▶ _Task details_
Please give an exact transcription of the lines below, from the one that contains "using assms by (simp add: monotone_on_def)" to the very last, with no other lines.

Data records section start

(* Let $K,G,m_0,A_g,B_g,\bar f_c,\bar f_t>0$, $m_g'(p)=A_g e^{\frac{p-\bar f_t/3}{B_g\bar f_c}}$, and let $p^{tr}\in\mathbb R$, $\varrho^{tr}\ge0$. For each $\gamma\ge0$ consider the equations $$p_\gamma+\gamma K\frac{m_g'(p_\gamma)}{\bar f_c}-p^{tr}=0,\qquad \varrho_\gamma-\Big[\varrho^{tr}-\gamma2G\Big(\frac{3\varrho_\gamma}{\bar f_c^2}+\frac{m_0}{\sqrt6\bar f_c}\Big)\Big]^+=0.$$ Then the maps $\hat p_{tr}:\gamma\mapsto p_\gamma$ and $\hat\varrho_{tr}:\gamma\mapsto\varrho_\gamma$ are well defined on $\mathbb R_+$ (each equation has a unique real solution). Moreover, $\hat p_{tr}$ is smooth and decreasing on $\mathbb R_+$, $\hat\varrho_{tr}$ is decreasing on $\big[0,\frac{\sqrt6\bar f_c\varrho^{tr}}{2Gm_0}\big)$, and $$\hat\varrho_{tr}(\gamma)=\frac{1}{1+\gamma\frac{6G}{\bar f_c^2}}\Big(\varrho^{tr}-\gamma\frac{2Gm_0}{\sqrt6\bar f_c}\Big)^+\quad\forall\gamma\ge0.$$
   Context: $\mathbb R_+=[0,\infty)$; $(x)^+=\max\{0,x\}$. *)

theory Defs
  imports "HOL-Analysis.Analysis"
begin

definition mg' :: "real \<Rightarrow> real \<Rightarrow> real \<Rightarrow> real \<Rightarrow> real \<Rightarrow> real" where
  "mg' Ag Bg fc ft p = Ag * exp ((p - ft / 3) / (Bg * fc))"

definition smooth_on :: "real set \<Rightarrow> (real \<Rightarrow> real) \<Rightarrow> bool" where
  "smooth_on S f \<longleftrightarrow> (\<exists>D :: nat \<Rightarrow> real \<Rightarrow> real. D 0 = f \<and>
      (\<forall>n. \<forall>x\<in>S. (D n has_real_derivative D (Suc n) x) (at x within S)))"

end

theory Submission
  imports Defs "HOL-Complex_Analysis.Complex_Analysis"
begin

text \<open>The equation for \<open>p\<close> reads \<open>p + \<gamma> c M(p) = p\<^sup>t\<^sup>r\<close> with \<open>M\<close> a positive increasing
  exponential, so for \<open>\<gamma> \<ge> 0\<close> the left-hand side is strictly increasing and unbounded in \<open>p\<close>,
  which gives a unique root. Solving for \<open>\<gamma>\<close> instead gives the strictly decreasing function
  \<open>\<gamma>(p) = (p\<^sup>t\<^sup>r - p) / (c M(p))\<close> on \<open>p < p\<^sup>t\<^sup>r + \<beta>\<close>; the root map is its inverse, hence decreasing,
  and by the inverse function theorem it solves the autonomous equation \<open>p' = \<Phi>(p)\<close> with
  \<open>\<Phi>(p) = -\<beta> c M(p) / (\<beta> + p\<^sup>t\<^sup>r - p)\<close>. Every derivative of such a solution is a function
  \<open>\<psi>\<^sub>n\<close> of \<open>p\<close> with \<open>\<psi>\<^sub>n\<^sub>+\<^sub>1 = \<psi>\<^sub>n' \<Phi>\<close>; since \<open>\<Phi>\<close> extends holomorphically, all \<open>\<psi>\<^sub>n\<close> are
  differentiable and the root map is smooth. The equation for \<open>\<rho>\<close> is piecewise linear,
  \<open>\<rho> = max 0 (b - k \<rho>)\<close>, and is solved explicitly.\<close>

lemma monotone_on_cong:
  assumes "monotone_on A r s f" "\<And>x. x \<in> A \<Longrightarrow> f x = g x"
  shows "monotone_on A r s g"
  using assms by (simp add: monotone_on_def)

lemma smooth_on_cong:
  assumes "smooth_on S f" "\<And>x. x \<in> S \<Longrightarrow> f x = g x"
  shows "smooth_on S g"
proof -
  obtain D where D: "D 0 = f" "\<And>n x. x \<in> S \<Longrightarrow> (D n has_real_derivative D (Suc n) x) (at x within S)"
    using assms(1) unfolding smooth_on_def by blast
  define D' where "D' n = (if n = 0 then g else D n)" for n
  have "(D' n has_real_derivative D' (Suc n) x) (at x within S)" if "x \<in> S" for n x
  proof (cases n)
    case 0
    show ?thesis
      using has_field_derivative_transform_within[OF D(2)[OF that] zero_less_one that] 0 D(1) assms(2)
      by (simp add: D'_def)
  qed (use D(2)[OF that] in \<open>simp add: D'_def\<close>)
  moreover have "D' 0 = g" by (simp add: D'_def)
  ultimately show ?thesis unfolding smooth_on_def by blast
qed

Data records section end

▶ _Response_
  using assms by (simp add: monotone_on_def)

lemma smooth_on_cong:
  assumes "smooth_on S f" "\<And>x. x \<in> S \<Longrightarrow> f x = g x"
  shows "smooth_on S g"
proof -
  obtain D where D: "D 0 = f" "\<And>n x. x \<in> S \<Longrightarrow> (D n has_real_derivative D (Suc n) x) (at x within S)"
    using assms(1) unfolding smooth_on_def by blast
  define D' where "D' n = (if n = 0 then g else D n)" for n
  have "(D' n has_real_derivative D' (Suc n) x) (at x within S)" if "x \<in> S" for n x
  proof (cases n)
    case 0
    show ?thesis
      using has_field_derivative_transform_within[OF D(2)[OF that] zero_less_one that] 0 D(1) assms(2)
      by (simp add: D'_def)
  qed (use D(2)[OF that] in \<open>simp add: D'_def\<close>)
  moreover have "D' 0 = g" by (simp add: D'_def)
  ultimately show ?thesis unfolding smooth_on_def by blast
qed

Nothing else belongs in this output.